lemma sum_prod_list_tensor_indices:
  "(\<Sum>is\<in>tensor_indices m n. prod_list (map f is)) = (\<Sum>i<n. f i :: real) ^ m"
proof (induction m)
  case 0
  have "tensor_indices 0 n = {[]}"
    by (auto simp: tensor_indices_def)
  then show ?case by simp
next
  case (Suc m)
  have "inj_on (\<lambda>(i, is). i # is) ({..<n} \<times> tensor_indices m n)"
    by (auto simp: inj_on_def)
  then have "(\<Sum>is\<in>tensor_indices (Suc m) n. prod_list (map f is))
      = (\<Sum>(i, is)\<in>{..<n} \<times> tensor_indices m n. f i * prod_list (map f is))"
    unfolding tensor_indices_Suc by (simp add: sum.reindex case_prod_unfold)
  also have "\<dots> = (\<Sum>i<n. f i * (\<Sum>is\<in>tensor_indices m n. prod_list (map f is)))"
    by (simp add: sum.cartesian_product[symmetric] sum_distrib_left)
  also have "\<dots> = (\<Sum>i<n. f i) ^ Suc m"
    by (simp add: Suc.IH sum_distrib_right)
  finally show ?case .
qed

lemma symmetric_tensor_sum_list: "symmetric_tensor m n (\<lambda>is. g (sum_list is))"
  unfolding symmetric_tensor_def by (metis sum_mset_sum_list)

lemma tensor_power_vec_geometric:
  "tensor_power_vec (\<lambda>i. \<rho> * \<tau> ^ i) is = \<rho> ^ length is * \<tau> ^ sum_list is"
  by (induction "is") (simp_all add: tensor_power_vec_def power_add algebra_simps)

lemma sum_list_le_length_mult:
  "(\<And>i. i \<in> set is \<Longrightarrow> i < n) \<Longrightarrow> sum_list is \<le> length is * (n - 1)"
  by (induction "is") force+

lemma prod_list_map_mult:
  fixes f g :: "'b \<Rightarrow> 'a::comm_monoid_mult"
  shows "prod_list (map (\<lambda>i. f i * g i) xs) = prod_list (map f xs) * prod_list (map g xs)"
  by (induction xs) (simp_all add: mult_ac)

lemma pos_def_matrix_surj:
  assumes "pos_def_matrix n P"
  shows "\<exists>y. \<forall>i<n. x i = (\<Sum>j<n. P i j * y j)"
proof -
  \<comment> \<open>the n columns of P together with x are n + 1 vectors in R^n\<close>
  define v where "v j i = (if j < n then P i j else x i)" for j i
  obtain c where "\<exists>j\<le>n. c j \<noteq> 0" and c: "\<forall>i<n. (\<Sum>j\<le>n. c j * v j i) = 0"
    using linear_dependent_if_card_gt[of "{..n}" n v] by auto
  have c_split: "(\<Sum>j\<le>n. c j * v j i) = (\<Sum>j<n. P i j * c j) + c n * x i" for i
    by (simp add: lessThan_Suc_atMost[symmetric] v_def mult.commute)
  have "c n \<noteq> 0"
  proof
    assume "c n = 0"
    with \<open>\<exists>j\<le>n. c j \<noteq> 0\<close> have "\<exists>i<n. c i \<noteq> 0"
      using le_neq_implies_less by blast
    with assms have "0 < (\<Sum>i<n. \<Sum>j<n. P i j * c i * c j)"
      by (simp add: pos_def_matrix_def)
    also have "\<dots> = (\<Sum>i<n. c i * (\<Sum>j<n. P i j * c j))"
      by (simp add: sum_distrib_left mult_ac)
    also have "\<dots> = 0"
      using c \<open>c n = 0\<close> by (simp add: c_split)
    finally show False by simp
  qed
  have "x i = (\<Sum>j<n. P i j * (- c j / c n))" if "i < n" for i
  proof -
    have "c n * x i = - (\<Sum>j<n. P i j * c j)"
      using c[rule_format, OF that] by (simp add: c_split add_eq_0_iff)
    then have "x i = - (\<Sum>j<n. P i j * c j) / c n"
      using \<open>c n \<noteq> 0\<close> by (metis nonzero_mult_div_cancel_left)
    also have "\<dots> = (\<Sum>j<n. P i j * (- c j / c n))"
      by (simp add: sum_divide_distrib sum_negf)
    finally show ?thesis .
  qed
  then show ?thesis
    by (intro exI[of _ "\<lambda>j. - c j / c n"]) blast
qed

lemma pos_def_gram_spans:
  assumes "pos_def_matrix n P"
    and "\<And>i j. i < n \<Longrightarrow> j < n \<Longrightarrow> P i j = (\<Sum>k<r. d k * u k i * u k j)"
  shows "\<exists>t. \<forall>i<n. x i = (\<Sum>k<r. t k * u k i)"
proof -
  obtain y where y: "\<forall>i<n. x i = (\<Sum>j<n. P i j * y j)"
    using pos_def_matrix_surj[OF assms(1)] by blast
  have "x i = (\<Sum>k<r. (d k * (\<Sum>j<n. u k j * y j)) * u k i)" if "i < n" for i
  proof -
    have "x i = (\<Sum>j<n. \<Sum>k<r. d k * u k i * u k j * y j)"
      using y that by (simp add: assms(2) sum_distrib_right)
    also have "\<dots> = (\<Sum>k<r. \<Sum>j<n. d k * u k i * u k j * y j)"
      by (rule sum.swap)
    also have "\<dots> = (\<Sum>k<r. \<Sum>j<n. (d k * (u k j * y j)) * u k i)"
      by (simp only: mult_ac)
    also have "\<dots> = (\<Sum>k<r. (d k * (\<Sum>j<n. u k j * y j)) * u k i)"
      by (simp only: sum_distrib_left sum_distrib_right)
    finally show ?thesis .
  qed
  then show ?thesis
    by (intro exI[of _ "\<lambda>k. d k * (\<Sum>j<n. u k j * y j)"]) blast
qed

lemma strongly_completely_positiveI:
  fixes r :: nat
  assumes "symmetric_tensor m n A" and "\<And>k i. k < r \<Longrightarrow> i < n \<Longrightarrow> 0 \<le> u k i"
    and "\<And>x. \<exists>c. \<forall>i<n. x i = (\<Sum>k<r. c k * u k i)"
    and "\<And>is. is \<in> tensor_indices m n \<Longrightarrow> A is = (\<Sum>k<r. tensor_power_vec (u k) is)"
  shows "strongly_completely_positive m n A"
  using assms unfolding strongly_completely_positive_def by blast

lemma moment_tensor_strongly_completely_positive:
  fixes r :: nat
  assumes "2 \<le> m" and "\<And>k. k < r \<Longrightarrow> 0 \<le> w k \<and> 0 \<le> t k"
    and moments: "\<And>s. s \<le> m * (n - 1) \<Longrightarrow> a s = (\<Sum>k<r. w k * t k ^ s)"
    and "pos_def_matrix n (\<lambda>i j. a (i + j))"
  shows "strongly_completely_positive m n (\<lambda>is. a (sum_list is))"
proof -
  obtain m' where m': "m = m' + 2"
    using assms(1) by (metis add.commute le_Suc_ex)
  define u where "u = (\<lambda>k i. root m (w k) * t k ^ i)"
  have root_pow: "root m (w k) ^ m = w k" if "k < r" for k
    using assms(1,2) that by (simp add: real_root_pow_pos2)
  show ?thesis
  proof (rule strongly_completely_positiveI[where u = u])
    show "symmetric_tensor m n (\<lambda>is. a (sum_list is))"
      by (rule symmetric_tensor_sum_list)
    show "0 \<le> u k i" if "k < r" for k i
      using assms(2) that by (simp add: u_def real_root_ge_zero)
    show "\<exists>c. \<forall>i<n. x i = (\<Sum>k<r. c k * u k i)" for x
      \<comment> \<open>the Hankel matrix is a weighted Gram matrix of the vectors u k\<close>
    proof (rule pos_def_gram_spans[OF assms(4)])
      fix i j assume "i < n" "j < n"
      then have "i + j \<le> m * (n - 1)"
        using assms(1) mult_right_mono[of 2 m "n - 1"] by linarith
      then have "a (i + j) = (\<Sum>k<r. root m (w k) ^ m * t k ^ i * t k ^ j)"
        by (simp add: moments root_pow power_add mult.assoc)
      also have "\<dots> = (\<Sum>k<r. root m (w k) ^ (m - 2) * u k i * u k j)"
        using m' by (simp add: u_def power_add power2_eq_square algebra_simps)
      finally show "a (i + j) = (\<Sum>k<r. root m (w k) ^ (m - 2) * u k i * u k j)" .
    qed
    show "a (sum_list is) = (\<Sum>k<r. tensor_power_vec (u k) is)" if "is \<in> tensor_indices m n" for "is"
    proof -
      have "length is = m" and "sum_list is \<le> m * (n - 1)"
        using that sum_list_le_length_mult[of "is" n] by (auto simp: tensor_indices_def)
      then have "a (sum_list is) = (\<Sum>k<r. w k * t k ^ sum_list is)"
        by (simp add: moments)
      also have "\<dots> = (\<Sum>k<r. tensor_power_vec (u k) is)"
        using \<open>length is = m\<close>
        by (intro sum.cong refl) (simp add: u_def tensor_power_vec_geometric root_pow)
      finally show ?thesis .
    qed
  qed
qed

> **Task**:
Retype the records above exactly, from their first line through the line that contains "m) n. prod_list (map f is))", and stop there.

> **Response area**:
lemma sum_prod_list_tensor_indices:
  "(\<Sum>is\<in>tensor_indices m n. prod_list (map f is)) = (\<Sum>i<n. f i :: real) ^ m"
proof (induction m)
  case 0
  have "tensor_indices 0 n = {[]}"
    by (auto simp: tensor_indices_def)
  then show ?case by simp
next
  case (Suc m)
  have "inj_on (\<lambda>(i, is). i # is) ({..<n} \<times> tensor_indices m n)"
    by (auto simp: inj_on_def)
  then have "(\<Sum>is\<in>tensor_indices (Suc m) n. prod_list (map f is))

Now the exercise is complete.